→ **Exercise instructions**: Among the entries below, one stretch runs from the line that contains "(tail) i' j'" through the line that contains "case second". Repeat that stretch exactly, ends included, and only that.

Information supplied below:

lemma non_inversion_peak_then_decreasing:
  assumes "sorted_wrt (>) xs" "\<forall>x\<in>set xs. x < a" "a < b" "non_inversion (a # b # xs) i j"
  shows "i = 0 \<and> j = 1"
proof -
  have no_inv: "\<not> non_inversion xs i' j'" for i' j'
    using sorted_wrt_nth_less[OF assms(1)] by (fastforce simp: non_inversion_def)
  have below: "xs ! k < a" if "k < length xs" for k
    using assms(2) that by simp
  from assms(4) consider
      (first) j' where "i = 0" "j = Suc j'" "j' < length (b # xs)" "a < (b # xs) ! j'"
    | (second) k where "i = 1" "j = Suc (Suc k)" "k < length xs" "b < xs ! k"
    | (tail) i' j' where "non_inversion xs i' j'"
    unfolding non_inversion_Cons_iff by auto
  then show ?thesis
  proof cases
    case first
    then show ?thesis using below by (cases j') (auto dest: less_asym)
  next
    case second
    then show ?thesis using below assms(3) by (meson less_asym order.strict_trans)
  qed (use no_inv in blast)
qed

lemma contains_Cons:
  assumes "contains \<sigma> \<pi>" shows "contains (x # \<sigma>) \<pi>"
proof -
  from assms obtain "is" where "length is = length \<pi>" "sorted_wrt (<) is" "\<forall>i\<in>set is. i < length \<sigma>"
    "\<forall>j l. j < l \<longrightarrow> l < length \<pi> \<longrightarrow> (\<sigma> ! (is ! j) < \<sigma> ! (is ! l)) = (\<pi> ! j < \<pi> ! l)"
    unfolding contains_def by blast
  then show ?thesis
    unfolding contains_def by (intro exI[of _ "map Suc is"]) (auto simp: sorted_wrt_map)
qed

lemma contains_Cons_greater_imp_contains:
  assumes "\<forall>y\<in>set \<sigma>. y < x" "non_inversion \<pi> 0 l" "contains (x # \<sigma>) \<pi>"
  shows "contains \<sigma> \<pi>"
proof -
  obtain "is" where h: "length is = length \<pi>" "sorted_wrt (<) is" "\<forall>i\<in>set is. i < length (x # \<sigma>)"
    "\<forall>j l. j < l \<longrightarrow> l < length \<pi> \<longrightarrow> ((x # \<sigma>) ! (is ! j) < (x # \<sigma>) ! (is ! l)) = (\<pi> ! j < \<pi> ! l)"
    using assms(3) unfolding contains_def by blast
  have "is ! 0 < is ! l" "(x # \<sigma>) ! (is ! 0) < (x # \<sigma>) ! (is ! l)"
    using h assms(2) sorted_wrt_nth_less by (fastforce simp: non_inversion_def)+
  moreover have "is ! l < Suc (length \<sigma>)" using h(1,3) assms(2) by (auto simp: non_inversion_def)
  moreover have "(x # \<sigma>) ! (is ! l) \<in> set \<sigma>"
    using calculation(1,3) by (cases "is ! l") auto
  ultimately have "is ! 0 \<noteq> 0" using assms(1) by (metis less_asym nth_Cons_0)
  then have "0 \<notin> set is"
    using h(2) by (auto simp: in_set_conv_nth sorted_wrt_iff_nth_less) (metis gr0I less_nat_zero_code)
  then obtain js where "is = map Suc js"
    by (metis ex_map_conv not0_implies_Suc)
  with h have "length js = length \<pi>" "sorted_wrt (<) js" "\<forall>i\<in>set js. i < length \<sigma>"
    "\<forall>j l. j < l \<longrightarrow> l < length \<pi> \<longrightarrow> (\<sigma> ! (js ! j) < \<sigma> ! (js ! l)) = (\<pi> ! j < \<pi> ! l)"
    by (auto simp: sorted_wrt_map)
  then show ?thesis unfolding contains_def by blast
qed

lemma contains_trans:
  assumes "contains \<sigma> \<tau>" "contains \<tau> \<pi>" shows "contains \<sigma> \<pi>"
proof -
  obtain js where j: "length js = length \<tau>" "sorted_wrt (<) js" "\<forall>i\<in>set js. i < length \<sigma>"
    "\<forall>j l. j < l \<longrightarrow> l < length \<tau> \<longrightarrow> (\<sigma> ! (js ! j) < \<sigma> ! (js ! l)) = (\<tau> ! j < \<tau> ! l)"
    using assms(1) unfolding contains_def by blast
  obtain ks where k: "length ks = length \<pi>" "sorted_wrt (<) ks" "\<forall>i\<in>set ks. i < length \<tau>"
    "\<forall>j l. j < l \<longrightarrow> l < length \<pi> \<longrightarrow> (\<tau> ! (ks ! j) < \<tau> ! (ks ! l)) = (\<pi> ! j < \<pi> ! l)"
    using assms(2) unfolding contains_def by blast
  have ks_less: "ks ! a < ks ! b" "ks ! b < length js" if "a < b" "b < length \<pi>" for a b
    using that k j(1) sorted_wrt_nth_less by fastforce+
  have "sorted_wrt (<) (map ((!) js) ks)"
    unfolding sorted_wrt_iff_nth_less using ks_less k(1) sorted_wrt_nth_less[OF j(2)] by auto
  moreover have "\<forall>i\<in>set (map ((!) js) ks). i < length \<sigma>" using k(3) j(1,3) by auto
  moreover have "(\<sigma> ! (map ((!) js) ks ! a) < \<sigma> ! (map ((!) js) ks ! b)) = (\<pi> ! a < \<pi> ! b)"
    if "a < b" "b < length \<pi>" for a b
    using that ks_less[OF that] j(1,4) k(1,4) by auto
  ultimately show ?thesis unfolding contains_def using k(1) by (intro exI[of _ "map ((!) js) ks"]) auto
qed

lemma length_le_if_contains: "contains \<sigma> \<pi> \<Longrightarrow> length \<pi> \<le> length \<sigma>"
proof -
  assume "contains \<sigma> \<pi>"
  then obtain "is" where h: "length is = length \<pi>" "sorted_wrt (<) is" "\<forall>i\<in>set is. i < length \<sigma>"
    unfolding contains_def by blast
  have "length is = card (set is)"
    using h(2) by (simp add: distinct_card strict_sorted_iff)
  also have "\<dots> \<le> card {..<length \<sigma>}" using h(3) by (intro card_mono) auto
  finally show ?thesis using h(1) by simp
qed

lemma contains_by_3_positions:
  assumes "i < j" "j < k" "k < length \<sigma>" "length p = 3"
    "\<sigma> ! i < \<sigma> ! j \<longleftrightarrow> p ! 0 < p ! 1" "\<sigma> ! i < \<sigma> ! k \<longleftrightarrow> p ! 0 < p ! 2"
    "\<sigma> ! j < \<sigma> ! k \<longleftrightarrow> p ! 1 < p ! 2"
  shows "contains \<sigma> p"
  unfolding contains_def
proof (intro exI[of _ "[i, j, k]"] conjI allI impI)
  fix a b assume "a < b" "b < length p"
  then have "a = 0 \<and> b = 1 \<or> a = 0 \<and> b = 2 \<or> a = 1 \<and> b = 2"
    using assms(4) by (auto simp: less_Suc_eq numeral_eq_Suc)
  then show "\<sigma> ! ([i, j, k] ! a) < \<sigma> ! ([i, j, k] ! b) \<longleftrightarrow> p ! a < p ! b"
    by (elim disjE) (use assms in simp_all)
qed (use assms in auto)

lemma contains_by_4_positions:
  assumes "i < j" "j < k" "k < m" "m < length \<sigma>" "length p = 4"
    "\<sigma> ! i < \<sigma> ! j \<longleftrightarrow> p ! 0 < p ! 1" "\<sigma> ! i < \<sigma> ! k \<longleftrightarrow> p ! 0 < p ! 2"
    "\<sigma> ! j < \<sigma> ! k \<longleftrightarrow> p ! 1 < p ! 2" "\<sigma> ! i < \<sigma> ! m \<longleftrightarrow> p ! 0 < p ! 3"
    "\<sigma> ! j < \<sigma> ! m \<longleftrightarrow> p ! 1 < p ! 3" "\<sigma> ! k < \<sigma> ! m \<longleftrightarrow> p ! 2 < p ! 3"
  shows "contains \<sigma> p"
  unfolding contains_def
proof (intro exI[of _ "[i, j, k, m]"] conjI allI impI)
  fix a b assume "a < b" "b < length p"
  then have "a = 0 \<and> b = 1 \<or> a = 0 \<and> b = 2 \<or> a = 1 \<and> b = 2 \<or>
      a = 0 \<and> b = 3 \<or> a = 1 \<and> b = 3 \<or> a = 2 \<and> b = 3"
    using assms(5) by (auto simp: less_Suc_eq numeral_eq_Suc)
  then show "\<sigma> ! ([i, j, k, m] ! a) < \<sigma> ! ([i, j, k, m] ! b) \<longleftrightarrow> p ! a < p ! b"
    by (elim disjE) (use assms in simp_all)
qed (use assms in auto)

lemma contains_non_inversionE:
  assumes "contains \<sigma> \<pi>"
  obtains "is" where "length is = length \<pi>" "sorted_wrt (<) is" "\<forall>i\<in>set is. i < length \<sigma>"
    "\<And>j l. non_inversion \<pi> j l \<Longrightarrow> non_inversion \<sigma> (is ! j) (is ! l)"
proof -
  from assms obtain "is" where h: "length is = length \<pi>" "sorted_wrt (<) is" "\<forall>i\<in>set is. i < length \<sigma>"
    "\<forall>j l. j < l \<longrightarrow> l < length \<pi> \<longrightarrow> (\<sigma> ! (is ! j) < \<sigma> ! (is ! l)) = (\<pi> ! j < \<pi> ! l)"
    unfolding contains_def by blast
  moreover have "non_inversion \<sigma> (is ! j) (is ! l)" if "non_inversion \<pi> j l" for j l
    using that h sorted_wrt_nth_less by (fastforce simp: non_inversion_def)
  ultimately show ?thesis using that by blast
qed

lemma not_contains_if_non_inversions_end_last:
  assumes "\<And>i j. non_inversion \<sigma> i j \<Longrightarrow> Suc j = length \<sigma>"
    and "non_inversion \<pi> j l" "Suc l < length \<pi>"
  shows "\<not> contains \<sigma> \<pi>"
proof
  assume "contains \<sigma> \<pi>"
  then obtain "is" where "length is = length \<pi>" "sorted_wrt (<) is" "\<forall>i\<in>set is. i < length \<sigma>"
    and non_inv: "\<And>j l. non_inversion \<pi> j l \<Longrightarrow> non_inversion \<sigma> (is ! j) (is ! l)"
    by (rule contains_non_inversionE) (rule that)
  then have "is ! l < is ! Suc l" "is ! Suc l < length \<sigma>"
    using assms(3) sorted_wrt_nth_less by fastforce+
  moreover have "Suc (is ! l) = length \<sigma>" using assms(1)[OF non_inv[OF assms(2)]] .
  ultimately show False by simp
qed

lemma not_contains_if_single_non_inversion:
  assumes "\<And>i j. non_inversion \<sigma> i j \<Longrightarrow> i = 0 \<and> j = 1"
    and "non_inversion \<pi> a b" "non_inversion \<pi> c d" "(a, b) \<noteq> (c, d)"
  shows "\<not> contains \<sigma> \<pi>"
proof
  assume "contains \<sigma> \<pi>"
  then obtain "is" where "length is = length \<pi>" "sorted_wrt (<) is"
    and non_inv: "\<And>j l. non_inversion \<pi> j l \<Longrightarrow> non_inversion \<sigma> (is ! j) (is ! l)"
    by (rule contains_non_inversionE) (rule that)
  moreover have "is ! a = is ! c" "is ! b = is ! d"
    using assms(1)[OF non_inv[OF assms(2)]] assms(1)[OF non_inv[OF assms(3)]] by auto
  moreover have "distinct is" using \<open>sorted_wrt (<) is\<close> by (simp add: strict_sorted_iff)
  ultimately show False using assms(2-4) by (auto simp: non_inversion_def nth_eq_iff_index_eq)
qed

lemma is_perm_Cons_max_iff: "is_perm (Suc n) (Suc n # \<sigma>) \<longleftrightarrow> is_perm n \<sigma>"
proof -
  have top: "{1..Suc n} = insert (Suc n) {1..n}" "Suc n \<notin> {1..n}" by auto
  show ?thesis unfolding is_perm_def top(1)
    using top(2) by (auto simp: insert_ident simp del: atLeastAtMost_iff)
qed

lemma is_perm_mem_less_Suc: "is_perm n \<sigma> \<Longrightarrow> x \<in> set \<sigma> \<Longrightarrow> x < Suc n"
  by (auto simp: is_perm_def)

lemma is_perm_Suc_split_max:
  assumes "is_perm (Suc n) \<sigma>"
  obtains us vs where "\<sigma> = us @ Suc n # vs" "is_perm n (us @ vs)"
proof -
  have "Suc n \<in> set \<sigma>" using assms by (auto simp: is_perm_def)
  then obtain us vs where \<sigma>: "\<sigma> = us @ Suc n # vs" by (meson split_list)
  then have "is_perm (Suc n) (Suc n # us @ vs)" using assms by (auto simp: is_perm_def)
  then show ?thesis using that \<sigma> is_perm_Cons_max_iff by blast
qed

lemma sorted_greater_eq_rev_upt:
  assumes "sorted_wrt (>) xs" "set xs = {1..<m}" shows "xs = rev [1..<m]"
proof -
  have "sorted_wrt (<) (rev xs)" using assms(1) by (simp add: sorted_wrt_rev)
  then have "sorted (rev xs)" "distinct (rev xs)" by (simp_all add: strict_sorted_iff)
  moreover have "set (rev xs) = set [1..<m]" using assms(2) by simp
  ultimately have "rev xs = [1..<m]"
    by (intro sorted_distinct_set_unique) simp_all
  then show ?thesis by (metis rev_rev_ident)
qed

lemma sorted_greater_rev_upt: "sorted_wrt (>) (rev [1..<m])"
  by (simp add: sorted_wrt_rev del: upt_Suc)

lemma finite_Av: "finite (Av n A)"
proof (rule finite_subset)
  show "Av n A \<subseteq> {xs. set xs \<subseteq> {1..n} \<and> length xs = n}"
    by (auto simp: Av_def is_perm_def)
qed (simp add: finite_lists_length_eq)

lemma Av_Un_redundant_pattern:
  assumes "\<exists>\<pi>\<in>A. contains \<tau> \<pi>" shows "Av n (A \<union> {\<tau>}) = Av n A"
  using assms contains_trans unfolding Av_def avoids_def by blast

End of Information supplied.

→ **Result for this task**:
    | (tail) i' j' where "non_inversion xs i' j'"
    unfolding non_inversion_Cons_iff by auto
  then show ?thesis
  proof cases
    case first
    then show ?thesis using below by (cases j') (auto dest: less_asym)
  next
    case second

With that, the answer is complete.